▸ **Required action**
Which lines in the listing below contain "noteq"? Copy each of them.
____
lemma triangulation_extend:
  fixes A :: "'a::euclidean_space set"
  assumes fin: "finite A" and vertices: "\<And>p. p \<in> A \<Longrightarrow> p \<notin> convex hull (A - {p})"
    and "B \<subseteq> A" "triangulation B T"
  shows "\<exists>T'. triangulation A T' \<and> T \<subseteq> T'"
  using assms(3,4)
proof (induction "card (A - B)" arbitrary: B T)
  case 0
  then have "B = A" using fin by auto
  then show ?case using 0 by blast
next
  case (Suc n)
  then have "A - B \<noteq> {}" by auto
  then obtain p where p: "p \<in> A" "p \<notin> B" by blast
  have finB: "finite B" using Suc.prems(1) fin finite_subset by blast
  have "convex hull B \<subseteq> convex hull (A - {p})" using Suc.prems(1) p by (intro hull_mono) blast
  then have "p \<notin> convex hull B" using vertices[OF p(1)] by blast
  \<comment> \<open>The empty simplex is added so that the new vertex {p} is the cone over it.\<close>
  then have placed: "triangulation (insert p B)
      (insert {} T \<union> {insert p F | F. F \<in> insert {} T \<and> visible_from p (convex hull B) F})"
    using triangulation_placing[OF finB triangulation_insert_empty[OF Suc.prems(2)]] by blast
  have "A - insert p B = (A - B) - {p}" by blast
  then have "n = card (A - insert p B)" using Suc.hyps(2) p fin by simp
  moreover have "insert p B \<subseteq> A" using Suc.prems(1) p by blast
  ultimately show ?case using Suc.hyps(1)[OF _ _ placed] by blast
qed

lemma finite_prodA: "finite (prodA :: ((real^5) \<times> (real^'n::finite)) set)"
proof -
  have "prodA = (\<lambda>(i, f). (axis i 1, axis f 1)) ` (UNIV :: (5 \<times> 'n) set)"
    unfolding prodA_def by auto
  also have "finite \<dots>" by (rule finite_imageI) simp
  finally show ?thesis .
qed

lemma prodA_not_in_convex_hull_others:
  assumes p: "p \<in> (prodA :: ((real^5) \<times> (real^'n::finite)) set)"
  shows "p \<notin> convex hull (prodA - {p})"
proof
  obtain i f where pe: "p = (axis i 1, axis f 1)" using p unfolding prodA_def by blast
  have "p \<bullet> q \<le> 1" if q: "q \<in> prodA - {p}" for q
  proof -
    obtain j g where qe: "q = (axis j 1, axis g 1)"
      using q unfolding prodA_def by blast
    then have "i \<noteq> j \<or> f \<noteq> g" using q pe by auto
    then show ?thesis unfolding pe qe by (auto simp: inner_axis_axis)
  qed
  then have "convex hull (prodA - {p}) \<subseteq> {x. p \<bullet> x \<le> 1}"
    by (intro hull_minimal) (auto simp: convex_halfspace_le)
  moreover have "p \<bullet> p = 2" unfolding pe by (simp add: inner_axis_axis)
  moreover assume "p \<in> convex hull (prodA - {p})"
  ultimately show False by auto
qed

theorem proposition5p7:
  fixes lab :: "'n::finite \<Rightarrow> 5 set"
    and T :: "((real^5) \<times> (real^'n)) set set"
  assumes "\<forall>f. card (lab f) = 2"
    and "triangulation (perm_Pi lab) T"
  shows "\<exists>T'. triangulation (prodA :: ((real^5) \<times> (real^'n)) set) T' \<and> T \<subseteq> T'"
proof -
  have "perm_Pi lab \<subseteq> (prodA :: ((real^5) \<times> (real^'n)) set)"
    unfolding perm_Pi_def prodA_def by blast
  then show ?thesis
    using triangulation_extend[OF finite_prodA prodA_not_in_convex_hull_others _ assms(2)] by blast
qed

end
____
▸ **Answer box**
  then have "A - B \<noteq> {}" by auto
    then have "i \<noteq> j \<or> f \<noteq> g" using q pe by auto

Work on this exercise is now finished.